_Task prompt:_
Scan the entries below and extract each line with the word "assumes" in it.

_Source data:_
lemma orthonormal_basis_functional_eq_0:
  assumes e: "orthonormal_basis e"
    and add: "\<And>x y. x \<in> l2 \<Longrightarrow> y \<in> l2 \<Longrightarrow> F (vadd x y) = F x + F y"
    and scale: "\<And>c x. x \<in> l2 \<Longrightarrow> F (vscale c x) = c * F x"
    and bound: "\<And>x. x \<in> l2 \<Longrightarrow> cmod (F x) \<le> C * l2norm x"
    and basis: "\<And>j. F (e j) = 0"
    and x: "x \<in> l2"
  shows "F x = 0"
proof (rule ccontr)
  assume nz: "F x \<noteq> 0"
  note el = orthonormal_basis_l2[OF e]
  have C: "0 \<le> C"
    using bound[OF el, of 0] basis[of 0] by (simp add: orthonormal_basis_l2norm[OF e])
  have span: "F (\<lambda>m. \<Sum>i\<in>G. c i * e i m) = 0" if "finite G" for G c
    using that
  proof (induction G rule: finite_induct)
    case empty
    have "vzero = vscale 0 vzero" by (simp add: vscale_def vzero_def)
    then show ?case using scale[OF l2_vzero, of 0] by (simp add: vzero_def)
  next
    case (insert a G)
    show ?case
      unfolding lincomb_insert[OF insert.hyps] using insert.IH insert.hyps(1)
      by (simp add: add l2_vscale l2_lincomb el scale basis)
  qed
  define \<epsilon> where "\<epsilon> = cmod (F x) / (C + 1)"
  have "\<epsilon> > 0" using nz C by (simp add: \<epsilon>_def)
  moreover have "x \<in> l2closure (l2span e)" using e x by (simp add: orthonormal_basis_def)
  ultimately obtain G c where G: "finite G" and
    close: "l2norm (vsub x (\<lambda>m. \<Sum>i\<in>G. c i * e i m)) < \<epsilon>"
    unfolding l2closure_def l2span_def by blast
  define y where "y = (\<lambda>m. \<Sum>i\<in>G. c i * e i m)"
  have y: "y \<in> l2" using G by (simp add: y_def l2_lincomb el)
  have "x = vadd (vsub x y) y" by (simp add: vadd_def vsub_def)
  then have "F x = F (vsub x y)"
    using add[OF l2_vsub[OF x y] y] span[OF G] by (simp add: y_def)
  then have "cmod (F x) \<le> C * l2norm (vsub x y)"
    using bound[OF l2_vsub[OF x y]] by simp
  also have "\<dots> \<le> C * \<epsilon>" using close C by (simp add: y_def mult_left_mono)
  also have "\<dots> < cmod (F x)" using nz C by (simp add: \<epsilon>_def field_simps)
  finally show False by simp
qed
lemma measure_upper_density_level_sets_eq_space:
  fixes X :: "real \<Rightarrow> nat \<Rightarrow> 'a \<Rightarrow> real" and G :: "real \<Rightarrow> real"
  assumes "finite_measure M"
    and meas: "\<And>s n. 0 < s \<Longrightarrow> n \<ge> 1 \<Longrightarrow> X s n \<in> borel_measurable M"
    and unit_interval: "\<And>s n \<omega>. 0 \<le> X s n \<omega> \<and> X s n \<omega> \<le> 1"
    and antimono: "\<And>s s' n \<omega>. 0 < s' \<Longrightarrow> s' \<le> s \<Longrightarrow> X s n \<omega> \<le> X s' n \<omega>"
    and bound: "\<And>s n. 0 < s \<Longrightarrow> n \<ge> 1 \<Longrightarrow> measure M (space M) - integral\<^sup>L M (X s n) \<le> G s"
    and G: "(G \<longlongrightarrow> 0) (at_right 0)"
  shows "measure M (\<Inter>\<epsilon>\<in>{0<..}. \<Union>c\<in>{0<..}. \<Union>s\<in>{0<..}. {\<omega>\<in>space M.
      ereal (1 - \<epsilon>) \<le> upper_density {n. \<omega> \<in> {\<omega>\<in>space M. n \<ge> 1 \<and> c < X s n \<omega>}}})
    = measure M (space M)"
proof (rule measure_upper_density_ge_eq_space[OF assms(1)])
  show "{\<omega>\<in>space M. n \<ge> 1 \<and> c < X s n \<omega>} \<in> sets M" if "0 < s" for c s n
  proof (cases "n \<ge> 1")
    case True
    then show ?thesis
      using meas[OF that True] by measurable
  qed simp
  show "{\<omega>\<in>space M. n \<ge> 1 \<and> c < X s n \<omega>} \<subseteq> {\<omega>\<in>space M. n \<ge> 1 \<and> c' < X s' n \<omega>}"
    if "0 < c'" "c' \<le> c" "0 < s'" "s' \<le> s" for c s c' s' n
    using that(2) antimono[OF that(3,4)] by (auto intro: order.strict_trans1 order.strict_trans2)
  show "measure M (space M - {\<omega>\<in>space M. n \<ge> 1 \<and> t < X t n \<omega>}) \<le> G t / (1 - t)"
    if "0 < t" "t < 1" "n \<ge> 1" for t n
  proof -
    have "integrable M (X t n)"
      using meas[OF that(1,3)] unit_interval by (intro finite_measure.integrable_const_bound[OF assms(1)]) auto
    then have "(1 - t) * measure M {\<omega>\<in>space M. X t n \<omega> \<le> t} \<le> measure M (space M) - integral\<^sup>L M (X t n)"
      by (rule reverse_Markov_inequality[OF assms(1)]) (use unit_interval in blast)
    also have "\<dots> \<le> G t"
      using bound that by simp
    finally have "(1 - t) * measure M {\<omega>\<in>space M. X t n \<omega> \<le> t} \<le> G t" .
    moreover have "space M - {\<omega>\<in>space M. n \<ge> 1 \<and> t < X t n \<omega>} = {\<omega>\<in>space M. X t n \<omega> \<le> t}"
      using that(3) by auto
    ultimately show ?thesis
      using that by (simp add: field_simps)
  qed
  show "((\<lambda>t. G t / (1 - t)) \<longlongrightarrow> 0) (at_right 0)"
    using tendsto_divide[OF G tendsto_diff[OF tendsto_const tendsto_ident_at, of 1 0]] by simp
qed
--
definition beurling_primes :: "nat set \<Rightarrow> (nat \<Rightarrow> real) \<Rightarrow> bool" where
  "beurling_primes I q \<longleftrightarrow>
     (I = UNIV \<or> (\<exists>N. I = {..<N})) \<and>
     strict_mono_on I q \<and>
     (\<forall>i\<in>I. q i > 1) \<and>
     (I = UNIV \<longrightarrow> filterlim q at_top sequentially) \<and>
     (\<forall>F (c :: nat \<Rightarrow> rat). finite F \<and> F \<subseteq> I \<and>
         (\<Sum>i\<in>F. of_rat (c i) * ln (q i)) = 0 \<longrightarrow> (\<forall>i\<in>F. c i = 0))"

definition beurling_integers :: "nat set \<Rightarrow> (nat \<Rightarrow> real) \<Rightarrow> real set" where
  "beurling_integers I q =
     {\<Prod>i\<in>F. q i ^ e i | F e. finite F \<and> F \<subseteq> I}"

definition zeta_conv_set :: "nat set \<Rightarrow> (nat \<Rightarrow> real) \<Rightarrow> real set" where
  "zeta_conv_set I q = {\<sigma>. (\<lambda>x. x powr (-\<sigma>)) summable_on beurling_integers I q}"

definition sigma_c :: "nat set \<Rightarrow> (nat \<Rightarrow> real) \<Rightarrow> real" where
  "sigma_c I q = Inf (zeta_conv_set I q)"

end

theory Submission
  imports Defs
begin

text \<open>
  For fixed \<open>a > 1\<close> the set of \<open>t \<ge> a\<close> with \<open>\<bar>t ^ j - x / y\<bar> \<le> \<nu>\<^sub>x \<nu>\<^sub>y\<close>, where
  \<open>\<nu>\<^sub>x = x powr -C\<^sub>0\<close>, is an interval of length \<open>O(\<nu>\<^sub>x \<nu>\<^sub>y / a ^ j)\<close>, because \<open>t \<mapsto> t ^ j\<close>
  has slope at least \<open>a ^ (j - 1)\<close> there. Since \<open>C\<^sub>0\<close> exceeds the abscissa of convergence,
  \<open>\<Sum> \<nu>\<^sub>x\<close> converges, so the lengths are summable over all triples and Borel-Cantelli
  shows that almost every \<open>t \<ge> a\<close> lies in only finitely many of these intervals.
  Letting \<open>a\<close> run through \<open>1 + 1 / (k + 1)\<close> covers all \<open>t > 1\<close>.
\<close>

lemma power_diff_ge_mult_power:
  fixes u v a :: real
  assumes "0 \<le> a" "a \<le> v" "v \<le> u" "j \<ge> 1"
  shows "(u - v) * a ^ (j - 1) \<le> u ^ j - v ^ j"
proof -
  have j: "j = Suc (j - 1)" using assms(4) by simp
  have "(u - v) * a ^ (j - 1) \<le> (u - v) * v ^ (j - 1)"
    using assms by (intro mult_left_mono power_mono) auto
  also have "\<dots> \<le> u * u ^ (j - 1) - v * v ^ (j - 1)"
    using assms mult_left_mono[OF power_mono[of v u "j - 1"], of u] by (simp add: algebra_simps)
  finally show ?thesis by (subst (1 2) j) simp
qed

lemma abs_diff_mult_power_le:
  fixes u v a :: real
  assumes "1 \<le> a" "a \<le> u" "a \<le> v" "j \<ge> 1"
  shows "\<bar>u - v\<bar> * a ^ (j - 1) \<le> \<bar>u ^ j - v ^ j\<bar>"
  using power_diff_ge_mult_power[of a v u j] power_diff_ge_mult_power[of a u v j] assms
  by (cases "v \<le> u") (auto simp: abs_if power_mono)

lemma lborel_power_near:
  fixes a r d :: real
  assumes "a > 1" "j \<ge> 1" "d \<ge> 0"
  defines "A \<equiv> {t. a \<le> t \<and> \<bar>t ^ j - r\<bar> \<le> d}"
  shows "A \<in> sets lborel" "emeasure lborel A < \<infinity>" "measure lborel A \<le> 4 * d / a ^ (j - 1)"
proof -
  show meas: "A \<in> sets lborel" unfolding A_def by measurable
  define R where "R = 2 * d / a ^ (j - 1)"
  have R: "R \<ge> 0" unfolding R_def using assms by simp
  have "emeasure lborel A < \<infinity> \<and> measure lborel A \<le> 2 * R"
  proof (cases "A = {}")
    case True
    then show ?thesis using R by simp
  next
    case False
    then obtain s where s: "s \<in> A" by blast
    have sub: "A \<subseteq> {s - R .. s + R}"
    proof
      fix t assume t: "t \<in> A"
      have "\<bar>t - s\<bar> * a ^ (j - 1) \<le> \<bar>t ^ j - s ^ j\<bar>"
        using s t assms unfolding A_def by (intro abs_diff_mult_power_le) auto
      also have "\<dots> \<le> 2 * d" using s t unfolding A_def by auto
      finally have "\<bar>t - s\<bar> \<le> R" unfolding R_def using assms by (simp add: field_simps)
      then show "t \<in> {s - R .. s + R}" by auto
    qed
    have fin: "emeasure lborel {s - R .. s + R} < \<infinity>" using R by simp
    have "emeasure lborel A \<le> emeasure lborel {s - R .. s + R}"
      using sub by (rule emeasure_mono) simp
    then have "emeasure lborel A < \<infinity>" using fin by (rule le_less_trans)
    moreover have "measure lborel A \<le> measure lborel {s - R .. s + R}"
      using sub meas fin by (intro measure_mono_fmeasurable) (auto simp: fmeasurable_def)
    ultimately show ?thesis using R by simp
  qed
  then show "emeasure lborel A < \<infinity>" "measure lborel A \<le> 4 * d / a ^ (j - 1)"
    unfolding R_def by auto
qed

_Worked solution:_
  assumes e: "orthonormal_basis e"
  assumes "finite_measure M"
  assumes "0 \<le> a" "a \<le> v" "v \<le> u" "j \<ge> 1"
  assumes "1 \<le> a" "a \<le> u" "a \<le> v" "j \<ge> 1"
  assumes "a > 1" "j \<ge> 1" "d \<ge> 0"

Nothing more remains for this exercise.